Melihat punggung kedua anak itu sudah hilang ditelan jarak, baru lah Sam memudarkan senyumnya. Pun dengan Katreena yang kini berdiri di sebelahnya.
"Gimana soal perkembangan Maya? Apa kata dokter?" tanyanya kepada Katreena. Wanita itu lantas menggeleng seraya menghela napas. "Aku gak yakin kalau Maya bisa sembuh. Kata Dokter Vreya, kemungkinan Maya akan sembuh total dari kelainannya itu cuma sepuluh persen."
Sam terdiam cukup lama, lalu ketika ia tersadar, dia menepuk pundak Katreena, seakan tengah memberi kekuatan. Katreena tersenyum, tentu bukan sebentuk senyuman asli. Tapi mau bagaimana pun, Sam hargai itu.
"Karena Xeroderma Pigmentosum itu, kebahagiaan Maya banyak yang terenggut. Masa-masa kecil yang seharusnya ia habiskan bersama teman-temannya untuk bermain di luar justru tidak ada. Dan masa-masa remajanya yang seharusnya ia berkencan atau sebagainya, juga tidak ada. Maya anak yang baik dan cantik, Sam. Salah dia apa sampai Tuhan beri dia hal semacam ini?"

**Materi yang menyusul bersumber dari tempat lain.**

definition rho_dir :: "('s::finite \<Rightarrow> 'a::finite \<Rightarrow> 's \<Rightarrow> real) \<Rightarrow> ('s \<Rightarrow> 'a \<Rightarrow> real)
    \<Rightarrow> ('s \<Rightarrow> 'a \<Rightarrow> real^'n) \<Rightarrow> real \<Rightarrow> real \<Rightarrow> real" where
  "rho_dir P d phi \<alpha> \<gamma> = lim (\<lambda>k. Max {onorm (Aprod P d phi \<alpha> \<gamma> ps) powr (1 / real k) | ps. length ps = k})"

definition Vinf :: "('s::finite \<Rightarrow> 'a::finite \<Rightarrow> 's \<Rightarrow> real) \<Rightarrow> ('s \<Rightarrow> 'a \<Rightarrow> real)
    \<Rightarrow> ('s \<Rightarrow> 'a \<Rightarrow> real^'n) \<Rightarrow> real \<Rightarrow> real \<Rightarrow> real \<Rightarrow> real^'n \<Rightarrow> real" where
  "Vinf P d phi \<alpha> \<gamma> \<beta> x = lim (\<lambda>t. \<Sum>l\<le>t. inverse \<beta> ^ (2 * l) *
       Max {(norm (Aprod P d phi \<alpha> \<gamma> ps x))\<^sup>2 | ps. length ps = l})"

definition pnorm :: "('s::finite \<Rightarrow> 'a::finite \<Rightarrow> 's \<Rightarrow> real) \<Rightarrow> ('s \<Rightarrow> 'a \<Rightarrow> real)
    \<Rightarrow> ('s \<Rightarrow> 'a \<Rightarrow> real^'n) \<Rightarrow> real \<Rightarrow> real \<Rightarrow> real \<Rightarrow> real^'n \<Rightarrow> real" where
  "pnorm P d phi \<alpha> \<gamma> \<beta> x = sqrt (Vinf P d phi \<alpha> \<gamma> \<beta> x)"

definition Rmax :: "('s::finite \<Rightarrow> 'a::finite \<Rightarrow> 's \<Rightarrow> real) \<Rightarrow> real" where
  "Rmax r = Max {\<bar>r s a s'\<bar> | s a s'. True}"

definition phimax :: "('s::finite \<Rightarrow> 'a::finite \<Rightarrow> real^'n) \<Rightarrow> real" where
  "phimax phi = Max {norm (phi s a) | s a. True}"

definition Phi_inf :: "('s::finite \<Rightarrow> 'a::finite \<Rightarrow> real^'n) \<Rightarrow> real^'n \<Rightarrow> real" where
  "Phi_inf phi \<theta> = Max {\<bar>phi s a \<bullet> \<theta>\<bar> | s a. True}"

Bicara soal Xeroderma Pigmentosum, adalah suatu penyakit genetika atau kelainan bawaan pada kulit yang menyebabkan penderitanya tidak dapat terkena sinar ultraviolet. Kulit penderita Xeroderma Pigmentosum bila terpapar sinar matahari akan timbul luka bakar, bercak-bercak, dapat melepuh dan muncul kerusakan pada DNA. Itu lah sebabnya kenapa Katreena sangat sedih akan penyakit yang diderita putrinya. Risiko terburuk pada penyakit itu adalah ... Maya akan mati jika terpapar sinar matahari dalam kurun waktu yang cukup lama.

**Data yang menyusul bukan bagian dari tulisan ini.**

(* For every $t \in \mathbb{N}_0$ and every integer $b \ge 3$, the cyclotomic polynomial $\Phi_b(x)$ does not divide \begin{align*} R_t(x) = {}& x^{8t+15} + x^{8t+14} + x^{8t+11} - x^{8t+10} - x^{8t+8} + 2x^{6t+9} - x^{4t+15} - x^{4t+11} - x^{4t+9} + 2x^{4t+8} \\ & - 2x^{4t+7} + x^{4t+6} + x^{4t+4} + x^{4t} - 2x^{2t+6} + x^7 + x^5 - x^4 - x - 1. \end{align*}
   Context: $\Phi_b(x) = \prod_\zeta (x-\zeta)$, where $\zeta$ ranges over the primitive $b$-th roots of unity, is the $b$-th cyclotomic polynomial. *)

theory Defs
  imports "HOL-Computational_Algebra.Polynomial"
begin

definition primitive_root_of_unity :: "nat \<Rightarrow> complex \<Rightarrow> bool" where
  "primitive_root_of_unity b z \<longleftrightarrow> 0 < b \<and> z ^ b = 1 \<and> (\<forall>k. 0 < k \<and> k < b \<longrightarrow> z ^ k \<noteq> 1)"

definition cyclotomic :: "nat \<Rightarrow> complex poly" where
  "cyclotomic b = (\<Prod>z\<in>{z. primitive_root_of_unity b z}. [:- z, 1:])"

definition R :: "nat \<Rightarrow> int poly" where
  "R t = monom 1 (8*t+15) + monom 1 (8*t+14) + monom 1 (8*t+11) - monom 1 (8*t+10)
       - monom 1 (8*t+8) + monom 2 (6*t+9) - monom 1 (4*t+15) - monom 1 (4*t+11)
       - monom 1 (4*t+9) + monom 2 (4*t+8) - monom 2 (4*t+7) + monom 1 (4*t+6)
       + monom 1 (4*t+4) + monom 1 (4*t) - monom 2 (2*t+6) + monom 1 7 + monom 1 5
       - monom 1 4 - monom 1 1 - 1"

end

theory Submission
  imports Defs "Jordan_Normal_Form.Char_Poly"
begin

(* Suppose \<Phi>_b divides R_t. Writing R_t(x) = P(x, x^(2t)) for an explicit P in \<int>[x, y], every
   primitive b-th root of unity w satisfies P(w, w^(2t)) = 0. Using this at w and at a second
   primitive root (w^2, -w^2 or -w, according to b mod 4) and eliminating y modulo a small prime p
   (p = 3, or p = 5 when b or b/2 is a power of 3) by explicit certificates, one finds two
   primitive roots z, z' in \<int>[z] with K(z) K(z') \<equiv> 0 (mod p) in \<int>[z], where K(x) is a product
   of x, x - 1, x + 1 (and x^2 - x + 1). Since the orders involved are not powers of p, each such
   factor divides in \<int>[z] an integer prime to p, and since \<int>[z] \<inter> \<rat> = \<int> this is impossible.
   The case b = 6 is settled by direct evaluation. *)

section \<open>The ring \<open>\<int>[z]\<close> modulo a prime\<close>

definition int_adjoin :: "'a::comm_ring_1 \<Rightarrow> 'a set" where
  "int_adjoin z = range (\<lambda>q. poly (of_int_poly q) z)"

lemma int_adjoin_of_int [simp, intro]: "of_int k \<in> int_adjoin z"
  unfolding int_adjoin_def by (rule range_eqI[of _ _ "[:k:]"]) (simp add: of_int_hom.map_poly_pCons_hom)

lemma int_adjoin_0 [simp, intro]: "0 \<in> int_adjoin z"
  and int_adjoin_1 [simp, intro]: "1 \<in> int_adjoin z"
  using int_adjoin_of_int[of 0 z] int_adjoin_of_int[of 1 z] by simp_all

lemma int_adjoin_of_nat [simp, intro]: "of_nat k \<in> int_adjoin z"
  using int_adjoin_of_int[of "int k" z] by simp

lemma int_adjoin_generator [simp, intro]: "z \<in> int_adjoin z"
  unfolding int_adjoin_def by (rule range_eqI[of _ _ "[:0, 1:]"]) simp

lemma int_adjoin_add [intro]: "a \<in> int_adjoin z \<Longrightarrow> b \<in> int_adjoin z \<Longrightarrow> a + b \<in> int_adjoin z"
  unfolding int_adjoin_def by (auto simp: image_iff) (metis of_int_poly_hom.hom_add poly_add)

lemma int_adjoin_mult [intro]: "a \<in> int_adjoin z \<Longrightarrow> b \<in> int_adjoin z \<Longrightarrow> a * b \<in> int_adjoin z"
  unfolding int_adjoin_def by (auto simp: image_iff) (metis of_int_poly_hom.hom_mult poly_mult)

lemma int_adjoin_uminus [intro]: "a \<in> int_adjoin z \<Longrightarrow> - a \<in> int_adjoin z"
  using int_adjoin_mult[OF int_adjoin_of_int[of "-1"]] by simp

lemma int_adjoin_power [intro]: "a \<in> int_adjoin z \<Longrightarrow> a ^ k \<in> int_adjoin z"
  by (induction k) auto

lemma int_adjoin_sum [intro]: "(\<And>i. i \<in> A \<Longrightarrow> f i \<in> int_adjoin z) \<Longrightarrow> sum f A \<in> int_adjoin z"
  by (induction A rule: infinite_finite_induct) auto

lemma power_mod_order: "z ^ n = 1 \<Longrightarrow> z ^ (k mod n) = (z :: 'a::monoid_mult) ^ k"
  by (metis mult_div_mod_eq power_add power_mult power_one mult_1)

lemma sum_powers_regroup:
  fixes z :: "'a::comm_ring_1"
  assumes "n > 0" "z ^ n = 1" "finite S"
  shows "(\<Sum>m\<in>S. of_int (c m) * z ^ g m)
       = (\<Sum>k<n. of_int (\<Sum>m\<in>{m\<in>S. g m mod n = k}. c m) * z ^ k)"
proof -
  have "(\<Sum>m\<in>S. of_int (c m) * z ^ g m) = (\<Sum>m\<in>S. of_int (c m) * z ^ (g m mod n))"
    using assms(2) by (simp add: power_mod_order)
  also have "\<dots> = (\<Sum>k<n. \<Sum>m\<in>{m\<in>S. g m mod n = k}. of_int (c m) * z ^ (g m mod n))"
    using assms by (intro sum.group[symmetric]) auto
  also have "\<dots> = (\<Sum>k<n. of_int (\<Sum>m\<in>{m\<in>S. g m mod n = k}. c m) * z ^ k)"
    by (simp add: sum_distrib_right)
  finally show ?thesis .
qed

text \<open>The integer matrix of multiplication by \<open>a\<close> on the spanning family \<open>1, z, \<dots>, z ^ (n - 1)\<close>.\<close>
lemma int_adjoin_eigenvalue:
  fixes z :: "'a::field_char_0"
  assumes n: "n > 0" and root: "z ^ n = 1" and a: "a \<in> int_adjoin z"
  obtains M :: "int mat" where "M \<in> carrier_mat n n" "eigenvalue (map_mat of_int M) a"
proof -
  obtain q where q: "a = poly (of_int_poly q) z" using a unfolding int_adjoin_def by blast
  define M :: "int mat" where
    "M = mat n n (\<lambda>(i, k). \<Sum>m\<in>{m. m \<le> degree q \<and> (m + i) mod n = k}. coeff q m)"
  define v where "v = vec n (\<lambda>k. z ^ k)"
  have M: "M \<in> carrier_mat n n" unfolding M_def by simp
  have row: "(\<Sum>k<n. of_int (M $$ (i, k)) * z ^ k) = a * z ^ i" if "i < n" for i
  proof -
    have "(\<Sum>k<n. of_int (M $$ (i, k)) * z ^ k)
        = (\<Sum>k<n. of_int (\<Sum>m\<in>{m\<in>{..degree q}. (m + i) mod n = k}. coeff q m) * z ^ k)"
      using that by (intro sum.cong) (auto simp: M_def)
    also have "\<dots> = (\<Sum>m\<le>degree q. of_int (coeff q m) * z ^ (m + i))"
      by (rule sum_powers_regroup[OF n root, symmetric]) simp
    also have "\<dots> = a * z ^ i"
      by (simp add: q poly_altdef sum_distrib_right power_add mult.assoc)
    finally show ?thesis .
  qed
  have "map_mat of_int M *\<^sub>v v = a \<cdot>\<^sub>v v"
  proof (rule eq_vecI)
    fix i assume "i < dim_vec (a \<cdot>\<^sub>v v)"
    hence i: "i < n" by (simp add: v_def)
    have "(map_mat of_int M *\<^sub>v v) $ i = (\<Sum>k<n. of_int (M $$ (i, k)) * z ^ k)"
      using i M by (simp add: v_def mult_mat_vec_def scalar_prod_def lessThan_atLeast0 mult.commute)
    thus "(map_mat of_int M *\<^sub>v v) $ i = (a \<cdot>\<^sub>v v) $ i"
      using i row[OF i] by (simp add: v_def mult.commute)
  qed (simp add: M_def v_def)
  moreover have "v \<noteq> 0\<^sub>v n"
    using n by (auto simp: v_def dest!: arg_cong[of _ _ "\<lambda>v. v $ 0"])
  ultimately have "eigenvalue (map_mat of_int M) a"
    unfolding eigenvalue_def eigenvector_def using M by (intro exI[of _ v]) (auto simp: v_def)
  with M show ?thesis by (rule that)
qed

lemma int_adjoin_algebraic_int:
  fixes z :: "'a::field_char_0"
  assumes "n > 0" "z ^ n = 1" "a \<in> int_adjoin z"
  shows "algebraic_int a"
proof -
  obtain M :: "int mat" where M: "M \<in> carrier_mat n n" and ev: "eigenvalue (map_mat of_int M) a"
    using int_adjoin_eigenvalue[OF assms] .
  have Ma: "map_mat of_int M \<in> carrier_mat n n" using M by simp
  have "poly (char_poly (map_mat of_int M)) a = 0"
    using eigenvalue_root_char_poly[OF Ma] ev by blast
  moreover have "char_poly (map_mat of_int M) = (of_int_poly (char_poly M) :: 'a poly)"
    by (rule of_int_hom.char_poly_hom[OF M])
  moreover have "lead_coeff (char_poly M) = 1" using degree_monic_char_poly[OF M] by simp
  ultimately show ?thesis unfolding algebraic_int_altdef_ipoly by auto
qed

definition adjoin_multiples :: "nat \<Rightarrow> 'a::comm_ring_1 \<Rightarrow> 'a set" where
  "adjoin_multiples p z = (\<lambda>w. of_nat p * w) ` int_adjoin z"

lemma adjoin_multiplesI [intro]: "w \<in> int_adjoin z \<Longrightarrow> of_nat p * w \<in> adjoin_multiples p z"
  unfolding adjoin_multiples_def by blast

lemma adjoin_multiplesE:
  assumes "u \<in> adjoin_multiples p z"
  obtains w where "w \<in> int_adjoin z" "u = of_nat p * w"
  using assms unfolding adjoin_multiples_def by blast

lemma adjoin_multiples_0 [simp, intro]: "0 \<in> adjoin_multiples p z"
  using adjoin_multiplesI[OF int_adjoin_0] by simp

lemma adjoin_multiples_add [intro]:
  "u \<in> adjoin_multiples p z \<Longrightarrow> v \<in> adjoin_multiples p z \<Longrightarrow> u + v \<in> adjoin_multiples p z"
  by (elim adjoin_multiplesE) (metis adjoin_multiplesI distrib_left int_adjoin_add)

lemma adjoin_multiples_mult_left [intro]:
  "a \<in> int_adjoin z \<Longrightarrow> u \<in> adjoin_multiples p z \<Longrightarrow> a * u \<in> adjoin_multiples p z"
  by (elim adjoin_multiplesE) (metis adjoin_multiplesI int_adjoin_mult mult.left_commute)

lemma adjoin_multiples_uminus_iff [simp]:
  "- u \<in> adjoin_multiples p z \<longleftrightarrow> u \<in> adjoin_multiples p z"
  using adjoin_multiples_mult_left[OF int_adjoin_of_int[of "-1"]] by force

lemma adjoin_multiples_diff [intro]:
  "u \<in> adjoin_multiples p z \<Longrightarrow> v \<in> adjoin_multiples p z \<Longrightarrow> u - v \<in> adjoin_multiples p z"
  using adjoin_multiples_add[of u p z "- v"] by simp

lemma of_int_in_adjoin_multiples [intro]: "int p dvd k \<Longrightarrow> of_int k \<in> adjoin_multiples p z"
  by (elim dvdE) (metis adjoin_multiplesI int_adjoin_of_int of_int_mult of_int_of_nat_eq)

lemma int_dvd_if_of_int_in_adjoin_multiples:
  fixes z :: "'a::field_char_0"
  assumes "n > 0" "z ^ n = 1" and "of_int c \<in> adjoin_multiples p z"
  shows "int p dvd c"
proof -
  obtain w where w: "w \<in> int_adjoin z" and c: "of_int c = of_nat p * w"
    using assms(3) by (rule adjoin_multiplesE)
  show ?thesis
  proof (cases "p = 0")
    case False
    have "algebraic_int w" using int_adjoin_algebraic_int[OF assms(1,2) w] .
    moreover have "w = of_int c / of_nat p" using c False by (simp add: field_simps)
    hence "w \<in> \<rat>" by simp
    ultimately obtain m where "w = of_int m" using rational_algebraic_int_is_int Ints_cases by metis
    with c have "c = int p * m" by (metis of_int_eq_iff of_int_mult of_int_of_nat_eq)
    thus ?thesis by simp
  qed (use c in simp)
qed

definition invertible_mod :: "nat \<Rightarrow> 'a::comm_ring_1 \<Rightarrow> 'a \<Rightarrow> bool" where
  "invertible_mod p z u \<longleftrightarrow> (\<exists>h\<in>int_adjoin z. \<exists>c. \<not> int p dvd c \<and> u * h = of_int c)"

lemma invertible_mod_not_in_adjoin_multiples:
  fixes z :: "'a::field_char_0"
  assumes "n > 0" "z ^ n = 1" and "invertible_mod p z u"
  shows "u \<notin> adjoin_multiples p z"
proof
  assume "u \<in> adjoin_multiples p z"
  moreover obtain h c where "h \<in> int_adjoin z" "\<not> int p dvd c" "u * h = of_int c"
    using assms(3) unfolding invertible_mod_def by blast
  ultimately show False
    using int_dvd_if_of_int_in_adjoin_multiples[OF assms(1,2)]
    by (metis mult.commute adjoin_multiples_mult_left)
qed

lemma invertible_mod_mult:
  assumes p: "prime p" and "invertible_mod p z u" "invertible_mod p z v"
  shows "invertible_mod p z (u * v)"
proof -
  obtain h c where h: "h \<in> int_adjoin z" "\<not> int p dvd c" "u * h = of_int c"
    using assms(2) unfolding invertible_mod_def by blast
  obtain h' c' where h': "h' \<in> int_adjoin z" "\<not> int p dvd c'" "v * h' = of_int c'"
    using assms(3) unfolding invertible_mod_def by blast
  have "\<not> int p dvd c * c'" using h(2) h'(2) p by (simp add: prime_dvd_mult_iff)
  moreover have "u * v * (h * h') = (u * h) * (v * h')" by (simp add: ac_simps)
  hence "u * v * (h * h') = of_int (c * c')" using h(3) h'(3) by simp
  ultimately show ?thesis unfolding invertible_mod_def using h(1) h'(1) by blast
qed

lemma invertible_mod_power: "prime p \<Longrightarrow> invertible_mod p z u \<Longrightarrow> invertible_mod p z (u ^ k)"
proof (induction k)
  case 0
  have "\<not> int p dvd 1" using 0 by auto
  thus ?case unfolding invertible_mod_def by (intro bexI[of _ 1] exI[of _ 1]) auto
qed (simp add: invertible_mod_mult)

lemma invertible_mod_uminus: "invertible_mod p z u \<Longrightarrow> invertible_mod p z (- u)"
  unfolding invertible_mod_def by (metis int_adjoin_uminus minus_mult_minus)

lemma invertible_mod_factor:
  "invertible_mod p z (u * v) \<Longrightarrow> v \<in> int_adjoin z \<Longrightarrow> invertible_mod p z u"
  unfolding invertible_mod_def by (metis int_adjoin_mult mult.assoc)

lemma invertible_mod_root_of_unity:
  assumes "prime p" "w \<in> int_adjoin z" "w ^ n = 1" "n > 0"
  shows "invertible_mod p z w"
proof -
  have "w * w ^ (n - 1) = of_int 1" using assms(3,4) by (simp flip: power_Suc)
  moreover have "\<not> int p dvd 1" using assms(1) by auto
  ultimately show ?thesis unfolding invertible_mod_def using assms(2) by blast
qed

section \<open>Roots of unity\<close>

lemma primitive_root_of_unity_power_eq_1_iff:
  assumes "primitive_root_of_unity b w"
  shows "w ^ k = 1 \<longleftrightarrow> b dvd k"
proof -
  have b: "b > 0" and wb: "w ^ b = 1" and less: "\<And>k. 0 < k \<Longrightarrow> k < b \<Longrightarrow> w ^ k \<noteq> 1"
    using assms unfolding primitive_root_of_unity_def by auto
  have "w ^ k = w ^ (k mod b)" using power_mod_order[OF wb] by simp
  moreover have "k mod b < b" using b by simp
  ultimately show ?thesis using less[of "k mod b"] by (cases "k mod b = 0") (auto simp: dvd_eq_mod_eq_0)
qed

"Kat, bagaimana kalau di Indonesia, Maya akan menemukan seorang teman. Seorang teman yang membuat dia nekat untuk keluar? Kamu tahu sendiri, sejak Ayahnya pergi, Maya menjadi semakin kesepian. Atau gimana ... Kalau teman yang saya maksud itu adalah Alex?" Akhirnya, tanya yang sudah lama ada di benaknya kala Katreena mengatakan bahwa ia ingin ke Indonesia dapat ia cetuskan juga. Bersamaan dengan tanyanya yang tercetus, Katreena meneteskan air matanya.
Susah payah, Katreena menahan air itu, namun ia tidak mampu karena membayangkan kalau seandainya yang dikatakan oleh Sam adalah benar.
Bersambung...
Mohon maaf, jangan ngarep hal yang manis-manis ya di cerita ini, karena itu gak ada. Yang ada cuma kepaitan dan kesakitan, hwhw. Eh tapi engga ko, ga gelap-gelap banget ceritanya, bener deh🙂Jangan lupa tinggalkan jejak setelah membacanya ya! Luv you❤️
KAMU SEDANG MEMBACA
Sekantung Euforia
RomanceElang percaya, bahwa hidupnya belum sepenuhnya hancur selama Maya ada di sisinya. Elang selalu yakin, dunianya tetap tak apa asal Maya ada di sana, menemaninya. Tetapi pada suatu masa, Elang merasa bahwa dirinya sudah tak terselamatkan lagi. Dia han...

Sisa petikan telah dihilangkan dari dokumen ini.